1. To eat up; to eat with greediness; to eat ravenously, as a beast of prey, or as a hungry man.

We will say, some evil beast hath devoured him. Genesis 37:20.

In the morning, he shall devour the prey. Genesis 49:27.

2. To destroy; to consume with rapidity and violence.

I will send a fire into the house of Hazael, which shall devour the palaces of Ben-Hadad. Amos 1:4.

Famine and pestilence shall devour him. Ezekiel 7:15.

3. To destroy; to annihilate; to consume.

He seemed in swiftness to devour the way.

4. To waste; to consume; to spend in dissipation and riot.

As soon as this thy son had come, who hath devoured thy living with harlots.

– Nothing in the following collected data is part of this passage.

text \<open>For \<open>n = 5\<^sup>k\<close> the trinomial \<open>f = x\<^sup>2\<^sup>n + 3x\<^sup>n + 1\<close> is irreducible over \<open>\<rat>\<close>: after the
  shift \<open>x \<mapsto> x + 1\<close> it is congruent to \<open>x\<^sup>2\<^sup>n\<close> modulo 5 (Frobenius) and its constant term is
  \<open>f(1) = 5\<close>, so Eisenstein's criterion at 5 and Gauss's lemma apply. The roots of \<open>f\<close> are the
  \<open>n\<close>-th roots of the roots \<open>-\<beta>\<close>, \<open>-1/\<beta>\<close> of \<open>w\<^sup>2 + 3w + 1\<close>, where \<open>\<beta> = (3 + \<surd>5)/2\<close>. So the real
  root \<open>-\<beta>\<^bsup>1/n\<^esup>\<close> is a reciprocal algebraic integer of degree \<open>2n\<close>, not a root of unity, whose
  house is \<open>\<beta>\<^bsup>1/n\<^esup>\<close>; hence \<open>mr(2n)\<^sup>2\<^sup>n \<le> \<beta>\<^sup>2 = (7 + 3\<surd>5)/2\<close>. Since a reciprocal number has a
  conjugate of modulus at least 1, also \<open>mr(2n) \<ge> 1\<close>, and Bolzano--Weierstrass finishes the proof.\<close>

text \<open>Gauss's lemma comes from \<open>Factor_Bound\<close>, which also loads HOL-Algebra; its polynomial
  constants would shadow those of \<open>HOL-Computational_Algebra\<close>.\<close>
hide_const (open) up_ring.coeff up_ring.monom module.smult

section \<open>Frobenius congruence and Eisenstein's criterion\<close>

lemma prime_dvd_power_add_sub:
  fixes x y :: "'a::comm_ring_1"
  assumes "prime p"
  shows "of_nat p dvd (x + y) ^ p - x ^ p - y ^ p"
proof -
  have p0: "p > 0" using assms prime_gt_0_nat by blast
  have "(x + y) ^ p = (\<Sum>i\<le>p. of_nat (p choose i) * x ^ i * y ^ (p - i))"
    by (rule binomial_ring)
  also have "\<dots> = (\<Sum>i\<in>{1..<p}. of_nat (p choose i) * x ^ i * y ^ (p - i)) + x ^ p + y ^ p"
  proof -
    have "{..p} = insert 0 (insert p {1..<p})" using p0 by auto
    thus ?thesis using p0 by (simp add: algebra_simps)
  qed
  finally have "(x + y) ^ p - x ^ p - y ^ p = (\<Sum>i\<in>{1..<p}. of_nat (p choose i) * x ^ i * y ^ (p - i))"
    by simp
  also have "of_nat p dvd \<dots>"
  proof (intro dvd_sum dvd_mult2)
    fix i assume "i \<in> {1..<p}"
    then obtain m where "p choose i = p * m"
      using assms dvd_choose_prime[of i p] by (auto elim: dvdE)
    thus "of_nat p dvd (of_nat (p choose i) :: 'a)" by simp
  qed
  finally show ?thesis .
qed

Luke 15:30.

5. To consume wealth and substance by fraud, oppression, or illegal exactions.

Ye devour widows houses. Matthew 23:14.

6. To destroy spiritually; to ruin the soul.

Your adversary, the devil, as a roaring lion, walketh about, seeking whom he may devour 1 Peter 5:8.

7. To slay.

The sword shall devour the young lions. Nahum 2.

8. To enjoy with avidity.

Longing they look, and gaping at the sight, devour her oer and oer with vast delight.